Assigned task:
Below are some records; each one is to be set down again exactly.

*** Opening of Records supplied ***

lemma De_cluster_of:
  assumes "compatible G Gc" "dir G \<subseteq> verts G \<times> verts G" "v \<in> verts G" "w \<in> De G v"
  shows "cluster_of (verts Gc) w \<in> De Gc (cluster_of (verts Gc) v)"
proof -
  have "(v, w) \<in> (dir G)\<^sup>*" using assms(4) unfolding De_def by simp
  then have "(cluster_of (verts Gc) v, cluster_of (verts Gc) w) \<in> (dir Gc)\<^sup>*"
  proof (induction rule: rtrancl_induct)
    case (step y z)
    then have "y \<in> verts G" "z \<in> verts G" using assms(2) by auto
    with step have "has_edge Gc (cluster_of (verts Gc) y) Fwd (cluster_of (verts Gc) z)"
      using has_edge_cluster_of[OF assms(1), of y z Fwd] unfolding has_edge_def by simp
    with step.IH show ?case unfolding has_edge_def by simp
  qed simp
  then show ?thesis unfolding De_def by simp
qed

lemma is_walk_map_cluster_of:
  assumes "compatible G Gc" "is_walk G vs es"
  shows "is_walk Gc (map (cluster_of (verts Gc)) vs) es"
proof -
  note P = compatible_is_partition[OF assms(1)]
  have vs: "set vs \<subseteq> verts G" "length vs = Suc (length es)"
    using assms(2) length_walk unfolding is_walk_def by blast+
  have "has_edge Gc (cluster_of (verts Gc) (vs ! k)) (es ! k) (cluster_of (verts Gc) (vs ! Suc k))"
    if "k < length es" for k
  proof -
    have "vs ! k \<in> set vs" "vs ! Suc k \<in> set vs" using that vs(2) by simp_all
    then show ?thesis
      using has_edge_cluster_of[OF assms(1) _ _ walk_has_edge[OF assms(2) that]] vs(1) by blast
  qed
  then show ?thesis
    using vs cluster_of_in(1)[OF P] unfolding is_walk_def by auto
qed

lemma active_triple_cluster_of:
  assumes "compatible G Gc" "dir G \<subseteq> verts G \<times> verts G" "CW \<subseteq> verts Gc" "v \<in> verts G"
    and "active_triple G (\<Union>CW) a v b"
  shows "active_triple Gc CW a (cluster_of (verts Gc) v) b"
proof -
  note P = compatible_is_partition[OF assms(1)]
  show ?thesis
  proof (cases "collider a b")
    case True
    then obtain w where "w \<in> De G v" "w \<in> \<Union>CW"
      using assms(5) unfolding active_triple_def by auto
    moreover from this have "w \<in> verts G"
      using assms(2,4) unfolding De_def by (auto elim: rtranclE)
    ultimately have "cluster_of (verts Gc) w \<in> De Gc (cluster_of (verts Gc) v) \<inter> CW"
      using De_cluster_of[OF assms(1,2,4)] cluster_of_in_iff[OF P assms(3)] by blast
    then show ?thesis using True unfolding active_triple_def by auto
  next
    case False
    then show ?thesis
      using assms(5) cluster_of_in_iff[OF P assms(3,4)] unfolding active_triple_def by simp
  qed
qed

lemma blocked_of_blocked_map_cluster_of:
  assumes "compatible G Gc" "dir G \<subseteq> verts G \<times> verts G" "CW \<subseteq> verts Gc" "is_walk G vs es"
    and "blocked Gc (map (cluster_of (verts Gc)) vs) es CW"
  shows "blocked G vs es (\<Union>CW)"
proof (rule ccontr)
  assume unblocked: "\<not> blocked G vs es (\<Union>CW)"
  note P = compatible_is_partition[OF assms(1)]
  have vs: "vs \<noteq> []" "set vs \<subseteq> verts G" using assms(4) unfolding is_walk_def by simp_all
  then have in_CW: "cluster_of (verts Gc) v \<in> CW \<longleftrightarrow> v \<in> \<Union>CW" if "v \<in> set vs" for v
    using cluster_of_in_iff[OF P assms(3)] that by blast
  have "active_triple Gc CW (es ! (k - 1)) (cluster_of (verts Gc) (vs ! k)) (es ! k)"
    if "0 < k" "k < length vs - 1" for k
  proof (rule active_triple_cluster_of[OF assms(1-3)])
    show "vs ! k \<in> verts G" using that vs(2) by (simp add: subset_iff)
    show "active_triple G (\<Union>CW) (es ! (k - 1)) (vs ! k) (es ! k)"
      using unblocked that unfolding blocked_iff_inactive_triple by blast
  qed
  then show False
    using assms(5) unblocked in_CW[of "hd vs"] in_CW[of "last vs"] vs(1)
    unfolding blocked_iff_inactive_triple by (auto simp: hd_map last_map)
qed

theorem theorem1:
  fixes G :: "'v mgraph" and Gc :: "'v set mgraph"
    and CX CY CW :: "'v set set"
  assumes "is_ADMG G"
    and "compatible G Gc"
    and "CX \<subseteq> verts Gc" and "CY \<subseteq> verts Gc" and "CW \<subseteq> verts Gc"
    and "CX \<inter> CY = {}" and "CX \<inter> CW = {}" and "CY \<inter> CW = {}"
    and "d_separated Gc CX CY CW"
  shows "d_separated G (\<Union>CX) (\<Union>CY) (\<Union>CW)"
  unfolding d_separated_def
proof (intro allI impI, elim conjE)
  fix vs es
  assume path: "is_path G vs es" and "hd vs \<in> \<Union>CX" "last vs \<in> \<Union>CY"
  let ?c = "cluster_of (verts Gc)"
  note P = compatible_is_partition[OF assms(2)]
  have walk: "is_walk G vs es" using path unfolding is_path_def by simp
  then have "vs \<noteq> []" "hd vs \<in> verts G" "last vs \<in> verts G"
    unfolding is_walk_def by auto
  then have "hd (map ?c vs) \<in> CX" "last (map ?c vs) \<in> CY"
    using \<open>hd vs \<in> \<Union>CX\<close> \<open>last vs \<in> \<Union>CY\<close> cluster_of_in_iff[OF P assms(3)]
      cluster_of_in_iff[OF P assms(4)] by (simp_all add: hd_map last_map)
  with assms(9) have "blocked Gc (map ?c vs) es CW"
    using d_separated_blocks_walks is_walk_map_cluster_of[OF assms(2) walk] by blast
  moreover have "dir G \<subseteq> verts G \<times> verts G" using assms(1) unfolding is_ADMG_def by simp
  ultimately show "blocked G vs es (\<Union>CW)"
    using blocked_of_blocked_map_cluster_of[OF assms(2) _ assms(5) walk] by blast
qed

end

*** Close of Records supplied ***

Answer to the exercise:
lemma De_cluster_of:
  assumes "compatible G Gc" "dir G \<subseteq> verts G \<times> verts G" "v \<in> verts G" "w \<in> De G v"
  shows "cluster_of (verts Gc) w \<in> De Gc (cluster_of (verts Gc) v)"
proof -
  have "(v, w) \<in> (dir G)\<^sup>*" using assms(4) unfolding De_def by simp
  then have "(cluster_of (verts Gc) v, cluster_of (verts Gc) w) \<in> (dir Gc)\<^sup>*"
  proof (induction rule: rtrancl_induct)
    case (step y z)
    then have "y \<in> verts G" "z \<in> verts G" using assms(2) by auto
    with step have "has_edge Gc (cluster_of (verts Gc) y) Fwd (cluster_of (verts Gc) z)"
      using has_edge_cluster_of[OF assms(1), of y z Fwd] unfolding has_edge_def by simp
    with step.IH show ?case unfolding has_edge_def by simp
  qed simp
  then show ?thesis unfolding De_def by simp
qed

lemma is_walk_map_cluster_of:
  assumes "compatible G Gc" "is_walk G vs es"
  shows "is_walk Gc (map (cluster_of (verts Gc)) vs) es"
proof -
  note P = compatible_is_partition[OF assms(1)]
  have vs: "set vs \<subseteq> verts G" "length vs = Suc (length es)"
    using assms(2) length_walk unfolding is_walk_def by blast+
  have "has_edge Gc (cluster_of (verts Gc) (vs ! k)) (es ! k) (cluster_of (verts Gc) (vs ! Suc k))"
    if "k < length es" for k
  proof -
    have "vs ! k \<in> set vs" "vs ! Suc k \<in> set vs" using that vs(2) by simp_all
    then show ?thesis
      using has_edge_cluster_of[OF assms(1) _ _ walk_has_edge[OF assms(2) that]] vs(1) by blast
  qed
  then show ?thesis
    using vs cluster_of_in(1)[OF P] unfolding is_walk_def by auto
qed

lemma active_triple_cluster_of:
  assumes "compatible G Gc" "dir G \<subseteq> verts G \<times> verts G" "CW \<subseteq> verts Gc" "v \<in> verts G"
    and "active_triple G (\<Union>CW) a v b"
  shows "active_triple Gc CW a (cluster_of (verts Gc) v) b"
proof -
  note P = compatible_is_partition[OF assms(1)]
  show ?thesis
  proof (cases "collider a b")
    case True
    then obtain w where "w \<in> De G v" "w \<in> \<Union>CW"
      using assms(5) unfolding active_triple_def by auto
    moreover from this have "w \<in> verts G"
      using assms(2,4) unfolding De_def by (auto elim: rtranclE)
    ultimately have "cluster_of (verts Gc) w \<in> De Gc (cluster_of (verts Gc) v) \<inter> CW"
      using De_cluster_of[OF assms(1,2,4)] cluster_of_in_iff[OF P assms(3)] by blast
    then show ?thesis using True unfolding active_triple_def by auto
  next
    case False
    then show ?thesis
      using assms(5) cluster_of_in_iff[OF P assms(3,4)] unfolding active_triple_def by simp
  qed
qed

lemma blocked_of_blocked_map_cluster_of:
  assumes "compatible G Gc" "dir G \<subseteq> verts G \<times> verts G" "CW \<subseteq> verts Gc" "is_walk G vs es"
    and "blocked Gc (map (cluster_of (verts Gc)) vs) es CW"
  shows "blocked G vs es (\<Union>CW)"
proof (rule ccontr)
  assume unblocked: "\<not> blocked G vs es (\<Union>CW)"
  note P = compatible_is_partition[OF assms(1)]
  have vs: "vs \<noteq> []" "set vs \<subseteq> verts G" using assms(4) unfolding is_walk_def by simp_all
  then have in_CW: "cluster_of (verts Gc) v \<in> CW \<longleftrightarrow> v \<in> \<Union>CW" if "v \<in> set vs" for v
    using cluster_of_in_iff[OF P assms(3)] that by blast
  have "active_triple Gc CW (es ! (k - 1)) (cluster_of (verts Gc) (vs ! k)) (es ! k)"
    if "0 < k" "k < length vs - 1" for k
  proof (rule active_triple_cluster_of[OF assms(1-3)])
    show "vs ! k \<in> verts G" using that vs(2) by (simp add: subset_iff)
    show "active_triple G (\<Union>CW) (es ! (k - 1)) (vs ! k) (es ! k)"
      using unblocked that unfolding blocked_iff_inactive_triple by blast
  qed
  then show False
    using assms(5) unblocked in_CW[of "hd vs"] in_CW[of "last vs"] vs(1)
    unfolding blocked_iff_inactive_triple by (auto simp: hd_map last_map)
qed

theorem theorem1:
  fixes G :: "'v mgraph" and Gc :: "'v set mgraph"
    and CX CY CW :: "'v set set"
  assumes "is_ADMG G"
    and "compatible G Gc"
    and "CX \<subseteq> verts Gc" and "CY \<subseteq> verts Gc" and "CW \<subseteq> verts Gc"
    and "CX \<inter> CY = {}" and "CX \<inter> CW = {}" and "CY \<inter> CW = {}"
    and "d_separated Gc CX CY CW"
  shows "d_separated G (\<Union>CX) (\<Union>CY) (\<Union>CW)"
  unfolding d_separated_def
proof (intro allI impI, elim conjE)
  fix vs es
  assume path: "is_path G vs es" and "hd vs \<in> \<Union>CX" "last vs \<in> \<Union>CY"
  let ?c = "cluster_of (verts Gc)"
  note P = compatible_is_partition[OF assms(2)]
  have walk: "is_walk G vs es" using path unfolding is_path_def by simp
  then have "vs \<noteq> []" "hd vs \<in> verts G" "last vs \<in> verts G"
    unfolding is_walk_def by auto
  then have "hd (map ?c vs) \<in> CX" "last (map ?c vs) \<in> CY"
    using \<open>hd vs \<in> \<Union>CX\<close> \<open>last vs \<in> \<Union>CY\<close> cluster_of_in_iff[OF P assms(3)]
      cluster_of_in_iff[OF P assms(4)] by (simp_all add: hd_map last_map)
  with assms(9) have "blocked Gc (map ?c vs) es CW"
    using d_separated_blocks_walks is_walk_map_cluster_of[OF assms(2) walk] by blast
  moreover have "dir G \<subseteq> verts G \<times> verts G" using assms(1) unfolding is_ADMG_def by simp
  ultimately show "blocked G vs es (\<Union>CW)"
    using blocked_of_blocked_map_cluster_of[OF assms(2) _ assms(5) walk] by blast
qed

end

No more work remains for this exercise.